Devon Jackson

No. 9 – Oregon Ducks
- Position: Linebacker
- Class: Redshirt Senior

Personal information
- Born: May 21, 2004 (age 22) Champaign, Illinois, U.S.
- Listed height: 6 ft 2 in (1.88 m)
- Listed weight: 242 lb (110 kg)

Career information
- High school: Burke (Omaha, Nebraska)
- College: Oregon (2022–present)
- Stats at ESPN

= Devon Jackson =

American football player (born 2004)

Devon Jackson (born May 21, 2004) is an American college football linebacker for the Oregon Ducks.

==Early life==
Jackson was born in Champaign, Illinois, and his father played college football for the Illinois Fighting Illini. He later moved to Indiana and then, at age nine, to Nebraska. Jackson attended Omaha Burke High School where he competed in football as a linebacker and ran track. He totaled 36 tackles while winning a district title as a sophomore in 2019. In 2020, the season was canceled due to the COVID-19 pandemic.
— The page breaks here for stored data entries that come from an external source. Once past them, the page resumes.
(* Let $d\in\mathbb{N}$, $d>1$, and write $a:=\lceil\log_2d\rceil$. For any $0<\epsilon\le\frac{3^{a}-1}{3^{a-1}-1}$ (read as $+\infty$ when $3^{a-1}-1=0$), there exists a ReLU FNN function $f^{(mtp)}_{FF,d}:\mathbb{R}^d\to\mathbb{R}$ with width $21\cdot2^{a-1}$, depth $C\ln\frac{3^{a}-1}{2\epsilon}$ and weight bound $C$, where $C$ is a constant independent of $\epsilon$, such that for all $\boldsymbol x\in[0,1]^d$, $$|f^{(mtp)}_{FF,d}(\boldsymbol x)-x_1\cdots x_d|\le\epsilon.$$
   Context: ReLU FNN of depth $L$, width $W$: $f_0=x$, $f_l=\sigma_R(W_lf_{l-1}+b_l)$ ($1\le l\le L-1$), $f=W_Lf_{L-1}+b_L$ with hidden layers of width $W$, $\sigma_R(x)=\max\{x,0\}$; the weight bound is the maximum absolute value of all weights and biases. *)

theory Defs
  imports Complex_Main
begin

text \<open>A layer is a pair (weight matrix, bias vector); vectors are nat-indexed
  functions, only indices below the relevant dimension matter.\<close>

type_synonym layer = "(nat \<Rightarrow> nat \<Rightarrow> real) \<times> (nat \<Rightarrow> real)"

definition relu :: "real \<Rightarrow> real" where
  "relu x = max x 0"

definition affine :: "nat \<Rightarrow> layer \<Rightarrow> (nat \<Rightarrow> real) \<Rightarrow> (nat \<Rightarrow> real)" where
  "affine n l x = (\<lambda>i. (\<Sum>j<n. fst l i j * x j) + snd l i)"

text \<open>Evaluation: first argument is the input dimension of the current layer,
  second the hidden width W. ReLU after every layer except the last.\<close>
fun net_eval :: "nat \<Rightarrow> nat \<Rightarrow> layer list \<Rightarrow> (nat \<Rightarrow> real) \<Rightarrow> (nat \<Rightarrow> real)" where
  "net_eval n W [] x = x"
| "net_eval n W [l] x = affine n l x"
| "net_eval n W (l # l' # ls) x = net_eval W W (l' # ls) (\<lambda>i. relu (affine n l x i))"

definition fnn_fun :: "nat \<Rightarrow> nat \<Rightarrow> layer list \<Rightarrow> (nat \<Rightarrow> real) \<Rightarrow> real" where
  "fnn_fun d W ls x = net_eval d W ls x 0"

definition relu_fnn :: "nat \<Rightarrow> nat \<Rightarrow> nat \<Rightarrow> real \<Rightarrow> layer list \<Rightarrow> bool" where
  "relu_fnn d W L B ls \<longleftrightarrow>
     L \<ge> 1 \<and> length ls = L \<and>
     (\<forall>k<L. let n_in = (if k = 0 then d else W);
                n_out = (if k = L - 1 then 1 else W) in
        (\<forall>i<n_out. \<bar>snd (ls ! k) i\<bar> \<le> B \<and> (\<forall>j<n_in. \<bar>fst (ls ! k) i j\<bar> \<le> B)))"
Jackson then recorded 52 tackles, 10.5 tackles-for-loss (TFLs) and 3.0 sacks as a senior while earning first-team all-metro and all-state honors and being a semifinalist for the high school Butkus Award. He was also invited to the All-American Bowl. A four-star recruit, he committed to play college football for the Oregon Ducks. During high school, Jackson was also a Class A state champion in the 100 metres and the 200 metres.

==College career==
Jackson redshirted and appeared in five games as a true freshman at Oregon in 2022. He then appeared in 12 games in 2023 and recorded 17 tackles and 1.5 TFLs. In 2024, Jackson played behind Bryce Boettcher and Jeffrey Bassa, posting 47 tackles and 1.5 sacks. He was set to be a starter in 2025 but then was limited by injuries, finishing with 41 tackles. Jackson returned to Oregon for a final season in 2026. He was named the 11th player on The Athletics "Freaks List" for 2026, highlighting the most athletic college football players.